(Beginning of Data section)

(* Let $\Omega$ be a bounded measurable set in $\mathbb{R}^d$, and suppose there is a positive, locally finite Borel measure $\mu$ with $\mathbf{1}_\Omega\ast\mu=\mathbf{1}_{\Omega^c}$ a.e., where $\Omega^c=\mathbb{R}^d\setminus\Omega$. Then $\operatorname{supp}(\mu)\subset\mathbb{R}^d\setminus\Delta(\Omega)$, where $\Delta(\Omega)=\{x\in\mathbb{R}^d: m(\Omega\cap(\Omega+x))>0\}$.
   Context: $m$ is Lebesgue measure, $\operatorname{supp}(\mu)$ the closed support of $\mu$. *)

theory Defs
  imports "HOL-Analysis.Analysis"
begin

definition locally_finite_measure :: "'a::topological_space measure \<Rightarrow> bool" where
  "locally_finite_measure \<mu> \<longleftrightarrow>
     (\<forall>x. \<exists>U. open U \<and> x \<in> U \<and> emeasure \<mu> U < \<infinity>)"

definition measure_support :: "'a::topological_space measure \<Rightarrow> 'a set" where
  "measure_support \<mu> = {x. \<forall>U. open U \<longrightarrow> x \<in> U \<longrightarrow> emeasure \<mu> U > 0}"

definition indicator_conv :: "'a::euclidean_space set \<Rightarrow> 'a measure \<Rightarrow> 'a \<Rightarrow> ennreal" where
  "indicator_conv \<Omega> \<mu> x = (\<integral>\<^sup>+ y. indicator \<Omega> (x - y) \<partial>\<mu>)"

definition Delta_set :: "'a::euclidean_space set \<Rightarrow> 'a set" where
  "Delta_set \<Omega> = {x. emeasure lebesgue (\<Omega> \<inter> ((\<lambda>y. y + x) ` \<Omega>)) > 0}"

end

theory Submission
  imports Defs
begin

text \<open>If \<open>t\<close> lay in both \<open>supp \<mu>\<close> and \<open>\<Delta>(\<Omega>)\<close>, then, since \<open>\<Delta>(\<Omega>)\<close> is open by Steinhaus'
  theorem, \<open>\<Delta>(\<Omega>)\<close> would carry positive \<open>\<mu>\<close>-mass. But by Tonelli
  \<open>\<integral> m(\<Omega> \<inter> (\<Omega> + y)) d\<mu>(y) = \<integral>\<^sub>\<Omega> (1\<^sub>\<Omega> * \<mu>) dm\<close>, and the right-hand side vanishes because
  \<open>1\<^sub>\<Omega> * \<mu> = 0\<close> a.e. on \<open>\<Omega>\<close>; so \<open>m(\<Omega> \<inter> (\<Omega> + y)) = 0\<close> for \<open>\<mu>\<close>-a.e. \<open>y\<close>, i.e.
  \<open>\<mu>(\<Delta>(\<Omega>)) = 0\<close>. Tonelli is applied to a Borel part of \<open>\<Omega>\<close> with the same difference
  set, and needs \<open>\<mu>\<close> to be \<open>\<sigma>\<close>-finite, which local finiteness gives via Lindelof.\<close>

lemma compact_translation_subset_open:
  fixes K V :: "'a::{heine_borel,real_normed_vector} set"
  assumes "compact K" "open V" "K \<subseteq> V"
  obtains d where "d > 0" "\<And>r. norm r < d \<Longrightarrow> (+) r ` K \<subseteq> V"
proof -
  obtain d where "d > 0" and d: "\<forall>x\<in>K. \<forall>y\<in>-V. d \<le> dist x y"
    using separate_compact_closed[of K "-V"] assms by auto
  have "(+) r ` K \<subseteq> V" if "norm r < d" for r
  proof
    fix z assume "z \<in> (+) r ` K"
    then obtain x where "x \<in> K" "z = r + x" by auto
    with that have "dist x z < d" by (simp add: dist_norm)
    with d \<open>x \<in> K\<close> show "z \<in> V" by force
  qed
  with \<open>d > 0\<close> that show ?thesis by blast
qed

lemma measure_inter_translation_ge:
  fixes K V :: "'a::euclidean_space set"
  assumes K: "K \<in> lmeasurable" and VK: "V - K \<in> lmeasurable"
    and "K \<subseteq> V" "(+) r ` K \<subseteq> V"
  shows "measure lebesgue K - measure lebesgue (V - K) \<le> measure lebesgue (K \<inter> (+) r ` K)"
proof -
  have rK: "(+) r ` K \<in> lmeasurable" using K by (rule measurable_translation)
  then have KrK: "K \<inter> (+) r ` K \<in> lmeasurable" using K by blast
  have "measure lebesgue K = measure lebesgue ((+) r ` K)"
    by (simp add: measure_translation)
  also have "\<dots> \<le> measure lebesgue ((K \<inter> (+) r ` K) \<union> (V - K))"
    using assms by (intro measure_mono_fmeasurable[OF _ fmeasurableD[OF rK] fmeasurable.Un[OF KrK VK]])
      blast
  also have "\<dots> \<le> measure lebesgue (K \<inter> (+) r ` K) + measure lebesgue (V - K)"
    using KrK VK by (intro measure_Un_le) auto
  finally show ?thesis by simp
qed

lemma lebesgue_inner_compact_pos:
  fixes A :: "'a::euclidean_space set"
  assumes "A \<in> sets lebesgue" "bounded A" "emeasure lebesgue A > 0"
  obtains K where "compact K" "K \<subseteq> A" "measure lebesgue K > 0"
proof -
  have A: "A \<in> lmeasurable" using assms bounded_set_imp_lmeasurable by blast
  then have pos: "measure lebesgue A > 0"
    using assms(3) by (simp add: emeasure_eq_measure2 zero_less_measure_iff)
  obtain K where K: "closed K" "K \<subseteq> A" "A - K \<in> lmeasurable"
      "emeasure lebesgue (A - K) < ennreal (measure lebesgue A)"
    using sets_lebesgue_inner_closed[OF assms(1) pos] .
  have "compact K" using K(1,2) assms(2) bounded_subset compact_eq_bounded_closed by blast
  have "measure lebesgue (A - K) < measure lebesgue A"
    using K(3,4) by (simp add: emeasure_eq_measure2 ennreal_less_iff)
  moreover have "measure lebesgue A = measure lebesgue K + measure lebesgue (A - K)"
    using K(2) A lmeasurable_compact[OF \<open>compact K\<close>]
    by (subst measure_Diff) (auto simp: fmeasurable_def)
  ultimately show ?thesis using that \<open>compact K\<close> K(2) by simp
qed

lemma measure_pos_imp_emeasure_pos: "measure M A > 0 \<Longrightarrow> emeasure M A > 0"
  by (metis less_irrefl measure_def enn2real_0 not_gr_zero)

lemma steinhaus:
  fixes A :: "'a::euclidean_space set"
  assumes A: "A \<in> sets lebesgue" "bounded A" and pos: "emeasure lebesgue A > 0"
  obtains d where "d > 0" "\<And>r. norm r < d \<Longrightarrow> emeasure lebesgue (A \<inter> (+) r ` A) > 0"
proof -
  obtain K where K: "compact K" "K \<subseteq> A" "measure lebesgue K > 0"
    using lebesgue_inner_compact_pos[OF A pos] .
  have Kl: "K \<in> lmeasurable" using K(1) by (rule lmeasurable_compact)
  obtain V where V: "open V" "K \<subseteq> V" "V - K \<in> lmeasurable"
      "emeasure lebesgue (V - K) < ennreal (measure lebesgue K)"
    using sets_lebesgue_outer_open[OF fmeasurableD[OF Kl] K(3)] .
  have small: "measure lebesgue (V - K) < measure lebesgue K"
    using V(3,4) by (simp add: emeasure_eq_measure2 ennreal_less_iff)
  obtain d where "d > 0" and d: "\<And>r. norm r < d \<Longrightarrow> (+) r ` K \<subseteq> V"
    using compact_translation_subset_open[OF K(1) V(1,2)] by blast
  show ?thesis
  proof (rule that[OF \<open>d > 0\<close>])
    fix r :: 'a assume "norm r < d"
    then have "measure lebesgue (K \<inter> (+) r ` K) > 0"
      using measure_inter_translation_ge[OF Kl V(3) V(2) d] small by fastforce
    then have "emeasure lebesgue (K \<inter> (+) r ` K) > 0" by (rule measure_pos_imp_emeasure_pos)
    also have "\<dots> \<le> emeasure lebesgue (A \<inter> (+) r ` A)"
      using K(2) A(1) lebesgue_sets_translation[OF A(1), of r]
      by (intro emeasure_mono) auto
    finally show "emeasure lebesgue (A \<inter> (+) r ` A) > 0" .
  qed
qed

lemma translation_eq_vimage:
  fixes S :: "'a::ab_group_add set"
  shows "(+) a ` S = {x. x - a \<in> S}" and "(\<lambda>x. x + a) ` S = {x. x - a \<in> S}"
  by (force simp: algebra_simps)+

lemma lebesgue_sets_translate:
  fixes S :: "'a::euclidean_space set"
  assumes "S \<in> sets lebesgue"
  shows "{x. x - a \<in> S} \<in> sets lebesgue"
  using lebesgue_sets_translation[OF assms, of a] by (simp add: translation_eq_vimage)

lemma null_sets_lebesgue_translate:
  fixes N :: "'a::euclidean_space set"
  assumes "N \<in> null_sets lebesgue"
  shows "{x. x - a \<in> N} \<in> null_sets lebesgue"
  using emeasure_lebesgue_affine[of 1 a N] assms lebesgue_sets_translate[of N a]
  by (simp add: null_sets_def translation_eq_vimage)

lemma sets_lebesgue_borel_part:
  fixes \<Omega> :: "'a::euclidean_space set"
  assumes "\<Omega> \<in> sets lebesgue"
  obtains S where "S \<in> sets borel" "S \<subseteq> \<Omega>" "\<Omega> - S \<in> null_sets lebesgue"
proof -
  obtain S N N' where SN: "\<Omega> = S \<union> N" "N \<subseteq> N'" "N' \<in> null_sets lborel" "S \<in> sets lborel"
    using assms by (rule sets_completionE)
  have "\<Omega> - S \<subseteq> N'" using SN(1,2) by blast
  then have "\<Omega> - S \<in> null_sets lebesgue"
    using null_sets_completionI[OF SN(3)] by (rule null_sets_completion_subset)
  with SN(1,4) that show ?thesis by simp
qed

(End of Data section)

* _Work instructions_
For the word "dist", find every line in the data that holds it and copy that line.

* _Answer section_
  obtain d where "d > 0" and d: "\<forall>x\<in>K. \<forall>y\<in>-V. d \<le> dist x y"
    with that have "dist x z < d" by (simp add: dist_norm)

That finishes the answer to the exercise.